Taha Akyol
Yine ‘Atatürk yaşasaydı’ demagojisi… Daha önce yazmıştım, Atatürk veya başka bir büyük lider hakkında “yaşasaydı…” diye ileri sürülen iddiaların hepsi boş spekülasyondur. Çünkü “yaşasaydı” diye düşünürken kendi zihnimizdeki kalıplarla kurgu yapmış oluruz. Bir başkası da kendi zihnindeki kurgularla farklı bir demagoji yapmış olur.
AK Parti Genel Başkan yardımcısı Nihat Zeybekçi’nin sözleri de böyle bir demagoji:
“Şunu net söylüyorum, Atatürk yaşasaydı CHP'li olmazdı, olamazdı… Atatürk bugün sağ olsaydı inanın bana tüm kalbimle ve samimiyetimle söylüyorum AK Parti'ye üye olurdu."
‘ATATÜRK’E DÖNMEK’
Zeybekçi otoyollardan falan bahsediyor.

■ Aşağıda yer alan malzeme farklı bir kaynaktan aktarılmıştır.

(* Let $q\in[1,2]$, $J,L\in\mathbb N$, let $\mathbf C_0$ be a fixed $J\times J$ symmetric positive-definite matrix, and let $\kappa>0$ be random with hyper-prior $\kappa^{q/2}\sim\Gamma^{-1}(\alpha,\beta)$ (inverse-gamma with shape $\alpha>0$, scale $\beta>0$). Suppose that, conditionally on $\kappa$, $\boldsymbol\xi_1,\dots,\boldsymbol\xi_L\in\mathbb R^J$ are i.i.d. $\mathrm{q\text{-}ED}_J(\mathbf 0,\kappa\mathbf C_0)$. Let $r_{0,\ell}=\boldsymbol\xi_\ell^\top\mathbf C_0^{-1}\boldsymbol\xi_\ell$. Then $$\kappa^{q/2}\mid\boldsymbol\xi_1,\dots,\boldsymbol\xi_L\sim\Gamma^{-1}(\alpha',\beta'),\qquad \alpha'=\alpha+\frac{JL}2,\qquad \beta'=\beta+\frac12\sum_{\ell=1}^Lr_{0,\ell}^{q/2}.$$
   Context: $\mathrm{q\text{-}ED}_J(\mathbf 0,\mathbf C)$ denotes the multivariate $q$-exponential distribution on $\mathbb R^J$ with density $p(\boldsymbol\xi)=\frac q2(2\pi)^{-J/2}|\mathbf C|^{-1/2}r^{(\frac q2-1)\frac J2}\exp\{-\frac12r^{q/2}\}$, $r=\boldsymbol\xi^\top\mathbf C^{-1}\boldsymbol\xi$. $\Gamma^{-1}(\alpha,\beta)$ has density $\frac{\beta^\alpha}{\Gamma(\alpha)}x^{-\alpha-1}e^{-\beta/x}$ on $x>0$. *)

theory Defs
  imports "HOL-Analysis.Analysis"
begin

definition inv_gamma_density :: "real \<Rightarrow> real \<Rightarrow> real \<Rightarrow> real" where
  "inv_gamma_density a b x =
     (if x > 0 then b powr a / Gamma a * x powr (- a - 1) * exp (- b / x) else 0)"

text \<open>Density of the multivariate q-exponential distribution q-ED_J(0, C) on R^J,
  where J = CARD('n).\<close>
definition qED_density :: "real \<Rightarrow> real^'n^'n \<Rightarrow> real^'n \<Rightarrow> real" where
  "qED_density q C xi =
     (let r = xi \<bullet> (matrix_inv C *v xi) in
        q / 2 * (2 * pi) powr (- real CARD('n) / 2) * \<bar>det C\<bar> powr (- 1 / 2)
        * r powr ((q / 2 - 1) * real CARD('n) / 2) * exp (- 1 / 2 * r powr (q / 2)))"

text \<open>Joint density of (tau, xi_1..xi_L) where tau = kappa^(q/2) ~ InvGamma(alpha, beta)
  and, given kappa = tau^(2/q), the xi_l are iid q-ED_J(0, kappa C0).\<close>
definition joint_density ::
  "real \<Rightarrow> real \<Rightarrow> real \<Rightarrow> real^'n^'n \<Rightarrow> nat \<Rightarrow> (nat \<Rightarrow> real^'n) \<Rightarrow> real \<Rightarrow> real" where
  "joint_density q \<alpha> \<beta> C0 L xi \<tau> =
     inv_gamma_density \<alpha> \<beta> \<tau> * (\<Prod>l<L. qED_density q ((\<tau> powr (2 / q)) *\<^sub>R C0) (xi l))"

definition posterior_density ::
  "real \<Rightarrow> real \<Rightarrow> real \<Rightarrow> real^'n^'n \<Rightarrow> nat \<Rightarrow> (nat \<Rightarrow> real^'n) \<Rightarrow> real \<Rightarrow> real" where
  "posterior_density q \<alpha> \<beta> C0 L xi \<tau> =
     joint_density q \<alpha> \<beta> C0 L xi \<tau> / integral\<^sup>L lborel (joint_density q \<alpha> \<beta> C0 L xi)"

end

theory Submission
  imports Defs
begin

(* With tau = kappa^(q/2), the q-ED density of xi under the covariance tau^(2/q) C0 depends on tau
   only through the factor tau^(-J/2) exp(-r^(q/2) / (2 tau)), where r = xi' C0^-1 xi.  Hence the
   joint density of (tau, xi_1, ..., xi_L) is, as a function of tau, the inverse-gamma kernel
   tau^(-alpha-1) exp(-beta/tau) multiplied by tau^(-JL/2) exp(-(sum_l r_l^(q/2)/2) / tau), i.e. a
   constant multiple of the InvGamma(alpha', beta') density.  Since that density integrates to 1
   (substitute x = beta'/t in the Gamma integral), Bayes' formula returns it exactly. *)

lemma Gamma_has_integral_Ioi:
  fixes a :: real
  assumes "a > 0"
  shows "((\<lambda>t. t powr (a - 1) / exp t) has_integral Gamma a) {0<..}"
proof -
  have "((\<lambda>t. t powr (a - 1) / exp t) has_integral Gamma a) {0..}"
    using Gamma_integral_real assms .
  then have "((\<lambda>t. if t \<in> {0<..} then t powr (a - 1) / exp t else 0) has_integral Gamma a) {0..}"
    by (rule has_integral_spike[of "{0}", rotated 2]) auto
  then show ?thesis
    by (subst (asm) has_integral_restrict) auto
qed

lemma inv_gamma_kernel_has_integral:
  fixes a b :: real
  assumes "a > 0" and "b > 0"
  shows "((\<lambda>x. b powr a * x powr (- a - 1) * exp (- b / x)) has_integral Gamma a) {0<..}"
proof -
  let ?f = "\<lambda>t::real. t powr (a - 1) / exp t"
  have f: "?f absolutely_integrable_on {0<..}" "integral {0<..} ?f = Gamma a"
    using Gamma_has_integral_Ioi[OF \<open>a > 0\<close>]
    by (auto intro: nonnegative_absolutely_integrable_1 integral_unique)
  have image: "(\<lambda>x. b / x) ` {0<..} = {0<..}"
  proof safe
    fix y :: real
    assume "y > 0"
    with \<open>b > 0\<close> show "y \<in> (\<lambda>x. b / x) ` {0<..}"
      by (intro image_eqI[of _ _ "b / y"]) auto
  qed (use \<open>b > 0\<close> in auto)
  have "(\<lambda>x. \<bar>- b / x\<^sup>2\<bar> * ?f (b / x)) absolutely_integrable_on {0<..} \<and>
      integral {0<..} (\<lambda>x. \<bar>- b / x\<^sup>2\<bar> * ?f (b / x)) = Gamma a"
  proof (rule has_absolute_integral_change_of_variables_1'
      [where f = ?f and g = "\<lambda>x. b / x" and g' = "\<lambda>x. - b / x\<^sup>2", THEN iffD2])
    fix x :: real
    assume "x \<in> {0<..}"
    then show "((\<lambda>x. b / x) has_field_derivative - b / x\<^sup>2) (at x within {0<..})"
      by (auto intro!: derivative_eq_intros simp: power2_eq_square)
  next
    show "inj_on (\<lambda>x. b / x) {0<..}"
      using \<open>b > 0\<close> by (auto simp: inj_on_def)
  qed (use f image in auto)
  then have "((\<lambda>x. \<bar>- b / x\<^sup>2\<bar> * ?f (b / x)) has_integral Gamma a) {0<..}"
    using set_lebesgue_integral_eq_integral(1) has_integral_integral by metis
  then show ?thesis
    by (rule has_integral_eq[rotated]) (use \<open>b > 0\<close> in
        \<open>simp add: powr_divide powr_diff powr_minus powr_add exp_minus field_simps power2_eq_square\<close>)
qed

lemma inv_gamma_density_nonneg: "a > 0 \<Longrightarrow> b > 0 \<Longrightarrow> inv_gamma_density a b x \<ge> 0"
  using Gamma_real_pos[of a] by (simp add: inv_gamma_density_def)

lemma borel_measurable_inv_gamma_density [measurable]: "inv_gamma_density a b \<in> borel_measurable borel"
  unfolding inv_gamma_density_def[abs_def] by measurable

lemma integral_inv_gamma_density:
  fixes a b :: real
  assumes "a > 0" and "b > 0"
  shows "integral\<^sup>L lborel (inv_gamma_density a b) = 1"
proof -
  have density: "inv_gamma_density a b = (\<lambda>x. if x \<in> {0<..} then
      b powr a * x powr (- a - 1) * exp (- b / x) / Gamma a else 0)"
    by (auto simp: inv_gamma_density_def fun_eq_iff)
  have "((\<lambda>x. b powr a * x powr (- a - 1) * exp (- b / x) / Gamma a) has_integral 1) {0<..}"
    using has_integral_divide[OF inv_gamma_kernel_has_integral[OF assms], of "Gamma a"]
      Gamma_real_pos[OF \<open>a > 0\<close>] by simp
  then have "(inv_gamma_density a b has_integral 1) UNIV"
    unfolding density has_integral_restrict_UNIV .
  then have nn: "(\<integral>\<^sup>+ x. ennreal (inv_gamma_density a b x) \<partial>lborel) = ennreal 1"
    using nn_integral_has_integral_lborel inv_gamma_density_nonneg[OF assms] by measurable
  have "integrable lborel (inv_gamma_density a b)"
    using nn inv_gamma_density_nonneg[OF assms] by (intro integrableI_nn_integral_finite[where x = 1]) auto
  then show ?thesis
    using nn inv_gamma_density_nonneg[OF assms] by (simp add: integral_eq_nn_integral)
qed

lemma inv_gamma_density_mult_conjugate:
  assumes "\<alpha> + m > 0" and "\<beta> + s > 0"
  shows "inv_gamma_density \<alpha> \<beta> \<tau> * (\<tau> powr (- m) * exp (- s / \<tau>)) =
    \<beta> powr \<alpha> / Gamma \<alpha> * (Gamma (\<alpha> + m) / (\<beta> + s) powr (\<alpha> + m))
    * inv_gamma_density (\<alpha> + m) (\<beta> + s) \<tau>"
proof (cases "\<tau> > 0")
  case True
  have powers: "\<tau> powr (- \<alpha> - 1) * \<tau> powr (- m) = \<tau> powr (- (\<alpha> + m) - 1)"
    unfolding powr_add[symmetric] by (rule arg_cong[where f = "(powr) \<tau>"]) simp
  have exps: "exp (- \<beta> / \<tau>) * exp (- s / \<tau>) = exp (- (\<beta> + s) / \<tau>)"
    by (simp add: exp_add[symmetric] diff_divide_distrib)
  have "Gamma (\<alpha> + m) > 0" and "(\<beta> + s) powr (\<alpha> + m) > 0"
    using assms by (simp_all add: Gamma_real_pos)
  then have cancel: "Gamma (\<alpha> + m) / (\<beta> + s) powr (\<alpha> + m) * ((\<beta> + s) powr (\<alpha> + m) / Gamma (\<alpha> + m)) = 1"
    by simp
  have "inv_gamma_density \<alpha> \<beta> \<tau> * (\<tau> powr (- m) * exp (- s / \<tau>))
      = \<beta> powr \<alpha> / Gamma \<alpha> * (\<tau> powr (- \<alpha> - 1) * \<tau> powr (- m)) * (exp (- \<beta> / \<tau>) * exp (- s / \<tau>))"
    using True by (simp add: inv_gamma_density_def mult_ac)
  also have "\<dots> = \<beta> powr \<alpha> / Gamma \<alpha>
      * (Gamma (\<alpha> + m) / (\<beta> + s) powr (\<alpha> + m) * ((\<beta> + s) powr (\<alpha> + m) / Gamma (\<alpha> + m)))
      * (\<tau> powr (- (\<alpha> + m) - 1) * exp (- (\<beta> + s) / \<tau>))"
    unfolding powers exps cancel by simp
  also have "\<dots> = \<beta> powr \<alpha> / Gamma \<alpha> * (Gamma (\<alpha> + m) / (\<beta> + s) powr (\<alpha> + m))
      * inv_gamma_density (\<alpha> + m) (\<beta> + s) \<tau>"
    using True by (simp add: inv_gamma_density_def mult_ac)
  finally show ?thesis .
qed (simp add: inv_gamma_density_def)

lemma matrix_inv_cancel:
  fixes A :: "real^'n^'n"
  assumes "invertible A"
  shows "A *v (matrix_inv A *v x) = x" and "matrix_inv A *v (A *v x) = x"
proof -
  have "A ** matrix_inv A = mat 1 \<and> matrix_inv A ** A = mat 1"
    using assms unfolding invertible_def matrix_inv_def by (rule someI_ex)
  then show "A *v (matrix_inv A *v x) = x" and "matrix_inv A *v (A *v x) = x"
    by (simp_all add: matrix_vector_mul_assoc)
qed

lemma pos_def_invertible:
  fixes C :: "real^'n^'n"
  assumes "\<forall>x. x \<noteq> 0 \<longrightarrow> x \<bullet> (C *v x) > 0"
  shows "invertible C"
proof -
  have "inj ((*v) C)"
    by (rule linear_injective_0[THEN iffD2], simp add: matrix_vector_mul_linear)
       (use assms in fastforce)
  then show ?thesis
    using invertible_left_inverse matrix_left_invertible_injective by blast
qed

lemma pos_def_matrix_inv_quadratic_pos:
  fixes C :: "real^'n^'n"
  assumes pd: "\<forall>x. x \<noteq> 0 \<longrightarrow> x \<bullet> (C *v x) > 0" and "\<xi> \<noteq> 0"
  shows "\<xi> \<bullet> (matrix_inv C *v \<xi>) > 0"
proof -
  define y where "y = matrix_inv C *v \<xi>"
  have Cy: "C *v y = \<xi>"
    unfolding y_def using matrix_inv_cancel(1)[OF pos_def_invertible[OF pd]] .
  with \<open>\<xi> \<noteq> 0\<close> have "y \<noteq> 0" by auto
  then have "y \<bullet> (C *v y) > 0" using pd by blast
  with Cy show ?thesis by (simp add: y_def inner_commute)
qed

lemma det_scaleR:
  fixes A :: "real^'n^'n"
  shows "det (k *\<^sub>R A) = k ^ CARD('n) * det A"
  unfolding det_def by (simp add: prod.distrib sum_distrib_left mult_ac)

lemma matrix_inv_scaleR_mult:
  fixes A :: "real^'n^'n"
  assumes A: "invertible A" and "k \<noteq> 0"
  shows "matrix_inv (k *\<^sub>R A) *v x = inverse k *\<^sub>R (matrix_inv A *v x)"
proof -
  have kA: "invertible (k *\<^sub>R A)" using scalar_invertible assms by blast
  have "(k *\<^sub>R A) *v (inverse k *\<^sub>R (matrix_inv A *v x)) = x"
    by (simp only: scaleR_matrix_vector_assoc[symmetric] matrix_vector_mult_scaleR
        matrix_inv_cancel(1)[OF A] scaleR_scaleR left_inverse[OF \<open>k \<noteq> 0\<close>] scaleR_one)
  then show ?thesis
    using matrix_inv_cancel(2)[OF kA] by metis
qed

Her iktidarın yaptığı yeni eserler, daha öncekilerin yapamadığı eserlerdir. AK Parti, IMF tarafından “Türkiye kaplan ekonomi olma yolunda” sözleriyle övülen, yabancı sermaye girişinin başladığı reforme edilmiş bir ekonomi devralmıştı. Bunu unutmamak lazım.
Kaldı ki bir iktidar sadece eserleriyle değil, genel siyasetiyle ve bana göre bilhassa hukuka saygısı/saygısızlığı gibi birçok açıdan değerlendirilir…
Eğer Zeybekçi “bugün Atatürk’e en yakın parti” diye konuşsaydı, tahlil etmeye değerdi.
Çünkü dünya görüşü bakımından değil ama yönetim metotları bakımından Atatürk’e en yakın parti Ak Parti’dir.
Meclis’te CB sistemi önergesi görüşülürken Adalet Bakanı Bekir Bozdağ’ın sözlerine bakın:
“Bizim yaptığımız Atatürk anayasalarına dönmektir, 1921, 1924 anayasalarına, partili cumhurbaşkanına dönmektir. Siz Atatürk'ün anayasasına karşı çıkıyorsunuz." (10 Ocak 2017)
Referandum sırasında Alman Bild gazetesi “Atatürk olsa ‘hayır’ derdi” diye manşet atmıştı. Bu bir spekülasyondu tabii.
Erdoğan ise Bild’e “kendisi de böyle yaşadığı için Atatürk olsa evet derdi” diyerek mukabil bir spekülasyonla cevap vermişti. (27 Mart 2017)
Atatürk döneminde parlamenter sistem mevcuttu. Erdoğan’ın yetkilerin tek elde toplanmasından bahsettiği açık.
Bild'in de Erdoğan'ın da gözden kaçırdığı, Türkiye’nin 21. Yüzyılda olmasıydı.
1930’LAR SİSTEMİ
CB sistemi için Atatürk’e böyle referanslar yapılması sadece basit propaganda değildi. Nasıl bir otorite düşündüklerinin de ifadesidir.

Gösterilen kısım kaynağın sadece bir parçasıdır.